Ben Bernanke just wrapped up his speech at The Economic Club of NY.
The general reaction to it? Meh. Eric Green of TD Securities blasted an email to clients titled Bernanke Delivers Nothing New.
The speech itself had the unmemorable title: The Economic Recovery and Economic Policy.
So yeah, there was no razzle dazzle, but actually it was a great, clear framing of the state of the economy.
He correctly identified the central story right now: Which is that the economy seems to be on the verge of a breakout, and yet the Fiscal Cliff remains a major threat which he doesn’t have the power to counteract.
That decent growth is likely to come from housing:
Recently, the housing market has shown some clear signs of improvement, as home sales, prices, and construction have all moved up since early this year. These developments are encouraging, and it seems likely that, on net, residential investment will be a source of economic growth and new jobs over the next couple of years.
He then described the emerging positive feedback loop, whereby rising home prices create looser lending standards, creating more housing activity, more homebuilding, and so forth.
But the threat of austerity is the main concern.

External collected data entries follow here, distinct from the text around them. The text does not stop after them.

lemma sum_cube_deg:
  assumes S: "cube_odd_indep n S"
  shows "(\<Sum>A\<in>Pow {..<n} - S. cube_deg n S A) = n * card S"
proof -
  have "{A\<in>Pow {..<n} - S. flip i A \<in> S} = flip i ` S" if "i < n" for i
  proof (intro equalityI subsetI)
    fix A assume "A \<in> {A\<in>Pow {..<n} - S. flip i A \<in> S}"
    then show "A \<in> flip i ` S"
      by (metis (no_types, lifting) flip_flip image_eqI mem_Collect_eq)
  next
    fix A assume "A \<in> flip i ` S"
    then obtain B where "B \<in> S" "A = flip i B"
      by blast
    then show "A \<in> {A\<in>Pow {..<n} - S. flip i A \<in> S}"
      using S that cube_odd_indep_flip_notin flip_subset_lessThan[OF cube_odd_indep_subset[OF S]]
      by auto
  qed
  then have "card {A\<in>Pow {..<n} - S. flip i A \<in> S} = card S" if "i < n" for i
    using that by (simp add: card_image inj_on_subset[OF inj_flip])
  then have "(\<Sum>i\<in>{..<n}. card {A\<in>Pow {..<n} - S. flip i A \<in> S}) = n * card S"
    by simp
  then show ?thesis
    unfolding cube_deg_def using sum_card_Collect_swap[of "Pow {..<n} - S" "{..<n}"]
    by (simp add: lessThan_def)
qed

definition free_vertices :: "nat \<Rightarrow> nat set set \<Rightarrow> nat set set" where
  "free_vertices n S = {A\<in>Pow {..<n} - S. cube_deg n S A = 0}"

lemma mem_free_vertices_iff:
  "u \<in> free_vertices n S \<longleftrightarrow> u \<subseteq> {..<n} \<and> u \<notin> S \<and> (\<forall>i<n. flip i u \<notin> S)"
  by (simp add: free_vertices_def cube_deg_eq_0_iff)

definition full_vertices :: "nat \<Rightarrow> nat set set \<Rightarrow> nat set set" where
  "full_vertices n S = {A\<in>Pow {..<n} - S. cube_deg n S A = n - 1}"

lemma full_vertex_flip_mem:
  assumes A: "A \<in> full_vertices n S" and j: "j < n" "flip j A \<notin> S" and i: "i < n" "i \<noteq> j"
  shows "flip i A \<in> S"
proof -
  have "{i. i < n \<and> flip i A \<in> S} \<subseteq> {..<n} - {j}"
    using j by auto
  moreover have "card {i. i < n \<and> flip i A \<in> S} = card ({..<n} - {j})"
    using A j by (simp add: full_vertices_def cube_deg_def)
  ultimately have "{i. i < n \<and> flip i A \<in> S} = {..<n} - {j}"
    by (intro card_subset_eq) auto
  then show ?thesis
    using i by auto
qed

lemma full_vertex_has_free_neighbour:
  assumes S: "cube_odd_indep n S" and A: "A \<in> full_vertices n S" and n: "n \<ge> 1"
  obtains j where "j < n" "flip j A \<in> free_vertices n S"
proof -
  have "card {i. i < n \<and> flip i A \<in> S} < card {..<n}"
    using A n by (simp add: full_vertices_def cube_deg_def)
  then have "\<not> {..<n} \<subseteq> {i. i < n \<and> flip i A \<in> S}"
    using card_mono[of "{i. i < n \<and> flip i A \<in> S}" "{..<n}"] by auto
  then obtain j where j: "j < n" "flip j A \<notin> S"
    by auto
  have "flip i (flip j A) \<notin> S" if "i < n" for i
  proof (cases "i = j")
    case False
    then have "flip i A \<in> S"
      using full_vertex_flip_mem[OF A j that] by simp
    then show ?thesis
      using cube_odd_indep_flip_notin[OF S _ j(1)] by (metis flip_commute)
  qed (use A in \<open>simp add: full_vertices_def\<close>)
  moreover have "flip j A \<subseteq> {..<n}"
    using A j by (simp add: full_vertices_def flip_subset_lessThan)
  ultimately have "flip j A \<in> free_vertices n S"
    using j by (simp add: free_vertices_def cube_deg_eq_0_iff)
  with j show thesis
    using that by blast
qed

Although fiscal policy at the federal level was quite expansionary during the recession and early in the recovery, as the recovery proceeded, the support provided for the economy by federal fiscal actions was increasingly offset by the adverse effects of tight budget conditions for state and local governments. In response to a large and sustained decline in their tax revenues, state and local governments have cut about 600,000 jobs on net since the third quarter of 2008 while reducing real expenditures for infrastructure projects by 20 per cent. More recently, the situation has to some extent reversed: The drag on economic growth from state and local fiscal policy has diminished as revenues have improved, easing the pressures for further spending cuts or tax increases. In contrast, the phasing-out of earlier stimulus programs and policy actions to reduce the federal budget deficit have led federal fiscal policy to begin restraining GDP growth. Indeed, under almost any plausible scenario, next year the drag from federal fiscal policy on GDP growth will outweigh the positive effects on growth from fiscal expansion at the state and local level. However, the overall effect of federal fiscal policy on the economy, both in the near term and in the longer run, remains quite uncertain and depends on how policymakers meet two daunting fiscal challenges–one by the start of the new year and the other no later than the spring.
This is the story everyone needs to be watching. Everything else is kind of a distraction.

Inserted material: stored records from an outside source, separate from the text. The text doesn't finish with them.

(* Let $F$ be a field, $V$ a nonzero vector space over $F$, $\Gamma$ a nonempty set, $\varphi:\Gamma\to\Gamma$ a map and $\mathfrak{w}\in F^\Gamma$, and let $\sigma_{\varphi,\mathfrak{w}}:V^\Gamma\to V^\Gamma$, $(x_\alpha)_{\alpha\in\Gamma}\mapsto(\mathfrak{w}_\alpha x_{\varphi(\alpha)})_{\alpha\in\Gamma}$. If $W(\varphi)\setminus\downarrow\mathfrak{Z}\neq\varnothing$, then $F\setminus\{0\}\subseteq{\rm Eigen}(\sigma_{\varphi,\mathfrak{w}},V^\Gamma)$; moreover in this case ${\rm Eigen}(\sigma_{\varphi,\mathfrak{w}},V^\Gamma)=F\setminus\{0\}$ if $\varphi(\Gamma\setminus\mathfrak{Z})=\Gamma$, and ${\rm Eigen}(\sigma_{\varphi,\mathfrak{w}},V^\Gamma)=F$ otherwise.
   Context: For a linear map $T:W\to W$ on an $F$-vector space $W$, ${\rm Eigen}(T,W)$ is the set of all $r\in F$ such that $T(x)=rx$ for some nonzero $x\in W$. $\mathfrak{Z}:=\{\alpha\in\Gamma:\mathfrak{w}_\alpha=0\}$ and $\downarrow\mathfrak{Z}:=\bigcup_{n\geq0}\varphi^{-n}(\mathfrak{Z})$. A point $a\in\Gamma$ is wandering if the sequence $(\varphi^n(a))_{n\geq1}$ is one-to-one; $W(\varphi)$ is the set of wandering points. *)

theory Defs
  imports Complex_Main "HOL-Library.Function_Algebras"
begin

definition Eigen :: "('f \<Rightarrow> 'w \<Rightarrow> 'w::zero) \<Rightarrow> ('w \<Rightarrow> 'w) \<Rightarrow> 'w set \<Rightarrow> 'f set" where
  "Eigen sc T W = {r. \<exists>x\<in>W. x \<noteq> 0 \<and> T x = sc r x}"

definition fscale :: "('f \<Rightarrow> 'v \<Rightarrow> 'v) \<Rightarrow> 'f \<Rightarrow> ('g \<Rightarrow> 'v) \<Rightarrow> ('g \<Rightarrow> 'v)" where
  "fscale sc r x = (\<lambda>\<alpha>. sc r (x \<alpha>))"

definition wshift :: "('f \<Rightarrow> 'v \<Rightarrow> 'v) \<Rightarrow> ('g \<Rightarrow> 'g) \<Rightarrow> ('g \<Rightarrow> 'f) \<Rightarrow> ('g \<Rightarrow> 'v) \<Rightarrow> ('g \<Rightarrow> 'v)" where
  "wshift sc \<phi> w x = (\<lambda>\<alpha>. sc (w \<alpha>) (x (\<phi> \<alpha>)))"

definition zeroset :: "('g \<Rightarrow> 'f::zero) \<Rightarrow> 'g set" where
  "zeroset w = {\<alpha>. w \<alpha> = 0}"

definition downset :: "('g \<Rightarrow> 'g) \<Rightarrow> 'g set \<Rightarrow> 'g set" where
  "downset \<phi> Z = (\<Union>n::nat. (\<phi> ^^ n) -` Z)"

definition wandering :: "('g \<Rightarrow> 'g) \<Rightarrow> 'g set" where
  "wandering \<phi> = {a. inj_on (\<lambda>n::nat. (\<phi> ^^ n) a) {1..}}"

end

theory Submission
  imports Defs
begin

text \<open>Since scalars act on a fixed nonzero vector \<open>v\<close>, it suffices to find a nonzero
  scalar function \<open>f\<close> with \<open>w \<alpha> * f (\<phi> \<alpha>) = r * f \<alpha>\<close>. Along the injective orbit
  \<open>a\<^sub>n = \<phi>\<^sup>n a\<^sub>0\<close> of a wandering point outside \<open>downset \<phi> (zeroset w)\<close> all weights are
  nonzero, so \<open>f (a\<^sub>n) = \<Prod>j<n. r / w a\<^sub>j\<close> solves the relation for any \<open>r \<noteq> 0\<close>. Read as
  \<open>f \<alpha> = (w \<alpha> / r) * f (\<phi> \<alpha>)\<close>, the relation then extends \<open>f\<close> to every point whose
  forward orbit reaches the orbit, and \<open>f = 0\<close> elsewhere.
  The eigenvalue \<open>0\<close> occurs exactly when some point has no preimage under \<open>\<phi>\<close> with
  nonzero weight: its indicator is then a \<open>0\<close>-eigenvector, and otherwise \<open>\<sigma> x = 0\<close> forces \<open>x = 0\<close>.\<close>

definition hitting_time :: "('g \<Rightarrow> 'g) \<Rightarrow> 'g set \<Rightarrow> 'g \<Rightarrow> nat" where
  "hitting_time \<phi> A \<alpha> = (LEAST m. (\<phi> ^^ m) \<alpha> \<in> A)"

lemma hitting_time_eq_0: "\<alpha> \<in> A \<Longrightarrow> hitting_time \<phi> A \<alpha> = 0"
  unfolding hitting_time_def by (rule Least_eq_0) simp

lemma hitting_time_step:
  assumes "(\<phi> ^^ m) \<alpha> \<in> A" and "\<alpha> \<notin> A"
  shows "hitting_time \<phi> A \<alpha> = Suc (hitting_time \<phi> A (\<phi> \<alpha>))"
  unfolding hitting_time_def
  using Least_Suc[of "\<lambda>m. (\<phi> ^^ m) \<alpha> \<in> A", OF assms(1)] assms(2)
  by (simp add: funpow_Suc_right del: funpow.simps)

definition eigen_extension ::
    "('g \<Rightarrow> 'g) \<Rightarrow> ('g \<Rightarrow> 'f::field) \<Rightarrow> 'f \<Rightarrow> 'g set \<Rightarrow> ('g \<Rightarrow> 'f) \<Rightarrow> 'g \<Rightarrow> 'f" where
  "eigen_extension \<phi> w r A f\<^sub>0 \<alpha> =
    (if \<exists>m. (\<phi> ^^ m) \<alpha> \<in> A
     then (\<Prod>j<hitting_time \<phi> A \<alpha>. w ((\<phi> ^^ j) \<alpha>) / r) * f\<^sub>0 ((\<phi> ^^ hitting_time \<phi> A \<alpha>) \<alpha>)
     else 0)"

lemma eigen_extension_on: "\<alpha> \<in> A \<Longrightarrow> eigen_extension \<phi> w r A f\<^sub>0 \<alpha> = f\<^sub>0 \<alpha>"
proof -
  assume "\<alpha> \<in> A"
  moreover have "\<exists>m. (\<phi> ^^ m) \<alpha> \<in> A"
    using \<open>\<alpha> \<in> A\<close> by (intro exI[of _ 0]) simp
  ultimately show ?thesis by (simp add: eigen_extension_def hitting_time_eq_0)
qed

lemma eigen_extension_step:
  assumes "\<alpha> \<notin> A"
  shows "eigen_extension \<phi> w r A f\<^sub>0 \<alpha> = w \<alpha> / r * eigen_extension \<phi> w r A f\<^sub>0 (\<phi> \<alpha>)"
proof (cases "\<exists>m. (\<phi> ^^ m) \<alpha> \<in> A")
  case False
  then have "\<not> (\<exists>m. (\<phi> ^^ m) (\<phi> \<alpha>) \<in> A)"
    by (metis funpow_Suc_right comp_apply)
  with False show ?thesis by (simp add: eigen_extension_def)
next
  case True
  then obtain m where m: "(\<phi> ^^ m) \<alpha> \<in> A" by blast
  with assms obtain k where "m = Suc k" by (cases m) auto
  with m have hit: "(\<phi> ^^ k) (\<phi> \<alpha>) \<in> A"
    by (simp add: funpow_Suc_right del: funpow.simps)
  define t where "t = hitting_time \<phi> A (\<phi> \<alpha>)"
  have time: "hitting_time \<phi> A \<alpha> = Suc t"
    unfolding t_def using m assms by (rule hitting_time_step)
  have "(\<Prod>j<hitting_time \<phi> A \<alpha>. w ((\<phi> ^^ j) \<alpha>) / r)
      = w \<alpha> / r * (\<Prod>j<t. w ((\<phi> ^^ j) (\<phi> \<alpha>)) / r)"
    unfolding time prod.lessThan_Suc_shift by (simp add: funpow_Suc_right del: funpow.simps)
  moreover have "(\<phi> ^^ hitting_time \<phi> A \<alpha>) \<alpha> = (\<phi> ^^ t) (\<phi> \<alpha>)"
    unfolding time by (simp add: funpow_Suc_right del: funpow.simps)
  ultimately have "eigen_extension \<phi> w r A f\<^sub>0 \<alpha>
      = w \<alpha> / r * ((\<Prod>j<t. w ((\<phi> ^^ j) (\<phi> \<alpha>)) / r) * f\<^sub>0 ((\<phi> ^^ t) (\<phi> \<alpha>)))"
    using True by (simp add: eigen_extension_def)
  also have "\<dots> = w \<alpha> / r * eigen_extension \<phi> w r A f\<^sub>0 (\<phi> \<alpha>)"
    using hit by (auto simp: eigen_extension_def t_def)
  finally show ?thesis .
qed

lemma eigen_extension_relation:
  fixes w :: "'g \<Rightarrow> 'f::field"
  assumes "r \<noteq> 0" and "\<phi> ` A \<subseteq> A"
    and "\<And>\<alpha>. \<alpha> \<in> A \<Longrightarrow> w \<alpha> * f\<^sub>0 (\<phi> \<alpha>) = r * f\<^sub>0 \<alpha>"
  shows "w \<alpha> * eigen_extension \<phi> w r A f\<^sub>0 (\<phi> \<alpha>) = r * eigen_extension \<phi> w r A f\<^sub>0 \<alpha>"
proof (cases "\<alpha> \<in> A")
  case True
  with assms(2,3) show ?thesis by (auto simp: eigen_extension_on)
next
  case False
  with \<open>r \<noteq> 0\<close> show ?thesis by (simp add: eigen_extension_step)
qed

lemma wandering_orbit_inj: "a \<in> wandering \<phi> \<Longrightarrow> inj (\<lambda>n. (\<phi> ^^ n) a)"
proof (rule injI)
  fix n m
  assume "a \<in> wandering \<phi>" and "(\<phi> ^^ n) a = (\<phi> ^^ m) a"
  then have "inj_on (\<lambda>n. (\<phi> ^^ n) a) {1..}" and "(\<phi> ^^ Suc n) a = (\<phi> ^^ Suc m) a"
    by (simp_all add: wandering_def)
  then have "Suc n = Suc m" by (rule inj_onD) simp_all
  then show "n = m" by simp
qed

lemma orbit_notin_if_notin_downset: "a \<notin> downset \<phi> Z \<Longrightarrow> (\<phi> ^^ n) a \<notin> Z"
  by (auto simp: downset_def)

lemma scalar_eigenfunction_exists:
  fixes w :: "'g \<Rightarrow> 'f::field"
  assumes "r \<noteq> 0" and "inj (\<lambda>n. (\<phi> ^^ n) a)" and "\<And>n. w ((\<phi> ^^ n) a) \<noteq> 0"
  obtains f where "f a = 1" and "\<And>\<alpha>. w \<alpha> * f (\<phi> \<alpha>) = r * f \<alpha>"
proof -
  define orbit where "orbit = (\<lambda>n. (\<phi> ^^ n) a)"
  define f\<^sub>0 where "f\<^sub>0 \<beta> = (\<Prod>j<inv orbit \<beta>. r / w (orbit j))" for \<beta>
  have "inj orbit" using assms(2) by (simp add: orbit_def)
  then have f\<^sub>0_orbit: "f\<^sub>0 (orbit n) = (\<Prod>j<n. r / w (orbit j))" for n
    by (simp add: f\<^sub>0_def)
  have orbit_step: "\<phi> (orbit n) = orbit (Suc n)" for n
    by (simp add: orbit_def)
  then have invariant: "\<phi> ` range orbit \<subseteq> range orbit" by auto
  have "w (orbit n) \<noteq> 0" for n
    using assms(3) by (simp add: orbit_def)
  then have "w (orbit n) * f\<^sub>0 (\<phi> (orbit n)) = r * f\<^sub>0 (orbit n)" for n
    unfolding orbit_step by (simp add: f\<^sub>0_orbit)
  then have relation_on_orbit: "w \<beta> * f\<^sub>0 (\<phi> \<beta>) = r * f\<^sub>0 \<beta>" if "\<beta> \<in> range orbit" for \<beta>
    using that by auto
  have "w \<alpha> * eigen_extension \<phi> w r (range orbit) f\<^sub>0 (\<phi> \<alpha>)
      = r * eigen_extension \<phi> w r (range orbit) f\<^sub>0 \<alpha>" for \<alpha>
    using assms(1) invariant relation_on_orbit by (rule eigen_extension_relation)
  moreover have "orbit 0 = a" by (simp add: orbit_def)
  then have "a \<in> range orbit" by (metis rangeI)
  with f\<^sub>0_orbit[of 0] \<open>orbit 0 = a\<close> have "eigen_extension \<phi> w r (range orbit) f\<^sub>0 a = 1"
    by (simp add: eigen_extension_on)
  ultimately show ?thesis using that by blast
qed

lemma in_Eigen_wshiftI:
  fixes sc :: "'f::field \<Rightarrow> 'v::ab_group_add \<Rightarrow> 'v" and v :: 'v
  assumes "vector_space sc" and "v \<noteq> 0" and "f \<alpha>\<^sub>0 \<noteq> 0"
    and "\<And>\<alpha>. w \<alpha> * f (\<phi> \<alpha>) = r * f \<alpha>"
  shows "r \<in> Eigen (fscale sc) (wshift sc \<phi> w) UNIV"
proof -
  interpret vector_space sc by fact
  define x where "x \<alpha> = sc (f \<alpha>) v" for \<alpha>
  have "x \<alpha>\<^sub>0 \<noteq> 0" using assms(2,3) by (simp add: x_def)
  then have "x \<noteq> 0" by auto
  moreover have "wshift sc \<phi> w x = fscale sc r x"
    using assms(4) by (simp add: wshift_def fscale_def x_def)
  ultimately show ?thesis by (auto simp: Eigen_def)
qed

lemma zero_in_Eigen_wshift_iff:
  assumes "vector_space sc" and "\<exists>v::'v::ab_group_add. v \<noteq> 0"
  shows "0 \<in> Eigen (fscale sc) (wshift sc \<phi> w) (UNIV :: ('g \<Rightarrow> 'v) set)
    \<longleftrightarrow> \<phi> ` (UNIV - zeroset w) \<noteq> UNIV"
proof
  interpret vector_space sc by fact
  assume "0 \<in> Eigen (fscale sc) (wshift sc \<phi> w) UNIV"
  then obtain x :: "'g \<Rightarrow> 'v" where "x \<noteq> 0" and eigen: "wshift sc \<phi> w x = fscale sc 0 x"
    by (auto simp: Eigen_def)
  from \<open>x \<noteq> 0\<close> obtain \<beta> where "x \<beta> \<noteq> 0" by (auto simp: zero_fun_def)
  have "sc (w \<alpha>) (x (\<phi> \<alpha>)) = 0" for \<alpha>
    using fun_cong[OF eigen, of \<alpha>] by (simp add: wshift_def fscale_def)
  with \<open>x \<beta> \<noteq> 0\<close> have "\<beta> \<notin> \<phi> ` (UNIV - zeroset w)"
    by (auto simp: zeroset_def)
  then show "\<phi> ` (UNIV - zeroset w) \<noteq> UNIV" by blast
next
  interpret vector_space sc by fact
  assume "\<phi> ` (UNIV - zeroset w) \<noteq> UNIV"
  then obtain \<beta> where \<beta>: "\<beta> \<notin> \<phi> ` (UNIV - zeroset w)" by blast
  obtain v :: 'v where "v \<noteq> 0" using assms(2) by blast
  define x :: "'g \<Rightarrow> 'v" where "x \<alpha> = (if \<alpha> = \<beta> then v else 0)" for \<alpha>
  have "x \<noteq> 0" using \<open>v \<noteq> 0\<close> by (auto simp: x_def fun_eq_iff)
  moreover have "sc (w \<alpha>) (x (\<phi> \<alpha>)) = 0" for \<alpha>
  proof (cases "\<phi> \<alpha> = \<beta>")
    case True
    with \<beta> have "w \<alpha> = 0" unfolding zeroset_def by blast
    then show ?thesis by simp
  next
    case False
    then show ?thesis by (simp add: x_def)
  qed
  then have "wshift sc \<phi> w x = fscale sc 0 x"
    by (simp add: wshift_def fscale_def del: scale_eq_0_iff)
  ultimately show "0 \<in> Eigen (fscale sc) (wshift sc \<phi> w) UNIV"
    by (auto simp: Eigen_def)
qed

lemma nonzero_subset_Eigen_wshift:
  fixes sc :: "'f::field \<Rightarrow> 'v::ab_group_add \<Rightarrow> 'v" and w :: "'g \<Rightarrow> 'f"
  assumes "vector_space sc" and "\<exists>v::'v. v \<noteq> 0"
    and "wandering \<phi> - downset \<phi> (zeroset w) \<noteq> {}"
  shows "UNIV - {0} \<subseteq> Eigen (fscale sc) (wshift sc \<phi> w) UNIV"
proof
  obtain v :: 'v where "v \<noteq> 0" using assms(2) by blast
  obtain a where "a \<in> wandering \<phi>" and "a \<notin> downset \<phi> (zeroset w)"
    using assms(3) by blast
  have orbit_inj: "inj (\<lambda>n. (\<phi> ^^ n) a)"
    using \<open>a \<in> wandering \<phi>\<close> by (rule wandering_orbit_inj)
  have weights: "w ((\<phi> ^^ n) a) \<noteq> 0" for n
    using orbit_notin_if_notin_downset[OF \<open>a \<notin> downset \<phi> (zeroset w)\<close>, of n]
    by (simp add: zeroset_def)
  fix r :: 'f
  assume "r \<in> UNIV - {0}"
  then have "r \<noteq> 0" by simp
  then obtain f where "f a = 1" and f_relation: "\<And>\<alpha>. w \<alpha> * f (\<phi> \<alpha>) = r * f \<alpha>"
    using scalar_eigenfunction_exists[where \<phi> = \<phi> and a = a and w = w,
        OF \<open>r \<noteq> 0\<close> orbit_inj weights]
    by blast
  then have "f a \<noteq> 0" by simp
  show "r \<in> Eigen (fscale sc) (wshift sc \<phi> w) UNIV"
    using assms(1) \<open>v \<noteq> 0\<close> \<open>f a \<noteq> 0\<close> f_relation by (rule in_Eigen_wshiftI)
qed

theorem lemma2p5:
  fixes sc :: "'f::field \<Rightarrow> 'v::ab_group_add \<Rightarrow> 'v"
    and \<phi> :: "'g \<Rightarrow> 'g" and w :: "'g \<Rightarrow> 'f"
  assumes "vector_space sc"
    and "\<exists>v::'v. v \<noteq> 0"
    and "wandering \<phi> - downset \<phi> (zeroset w) \<noteq> {}"
  shows "UNIV - {0} \<subseteq> Eigen (fscale sc) (wshift sc \<phi> w) UNIV
    \<and> (\<phi> ` (UNIV - zeroset w) = UNIV \<longrightarrow> Eigen (fscale sc) (wshift sc \<phi> w) UNIV = UNIV - {0})
    \<and> (\<phi> ` (UNIV - zeroset w) \<noteq> UNIV \<longrightarrow> Eigen (fscale sc) (wshift sc \<phi> w) UNIV = UNIV)"
proof -
  have "UNIV - {0} \<subseteq> Eigen (fscale sc) (wshift sc \<phi> w) UNIV"
    using assms by (rule nonzero_subset_Eigen_wshift)
  moreover have "0 \<in> Eigen (fscale sc) (wshift sc \<phi> w) UNIV \<longleftrightarrow> \<phi> ` (UNIV - zeroset w) \<noteq> UNIV"
    using assms(1,2) by (rule zero_in_Eigen_wshift_iff)
  ultimately show ?thesis by auto
qed

end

In the Q&A he hit on other interesting points, such as the issue of the Fed paying interest on excess reserves (IOER), a payment that’s commonly said to be an inducement for the banks to do nothing, and just leave money at the bank. Bernanke’s angle is that eliminating IOER to zero would barely stimulate any lending, but that having zero rates could cause mechanical issues in the market, and that keeping IOER allows for an easily tool to tighten policy in the future, simply by raising it.
He also framed his thinking in terms of a clearer rules-based approach to monetary policy, i.e. The Evans Rule, which would instruct the Fed to keep easing until unemployment drops to 7% or inflation rises above 3%. Bernanke seems sympathetic, but also notes the complexity of the economy/monetary policy, and he’s sceptical that such a blunt rule could really capture the situation properly.
His final line of the speech spoke to the moment of promise:
…cooperation and creativity to deliver fiscal clarity–in particular, a plan for resolving the nation’s longer-term budgetary issues without harming the recovery–could help make the new year a very good one for the American economy.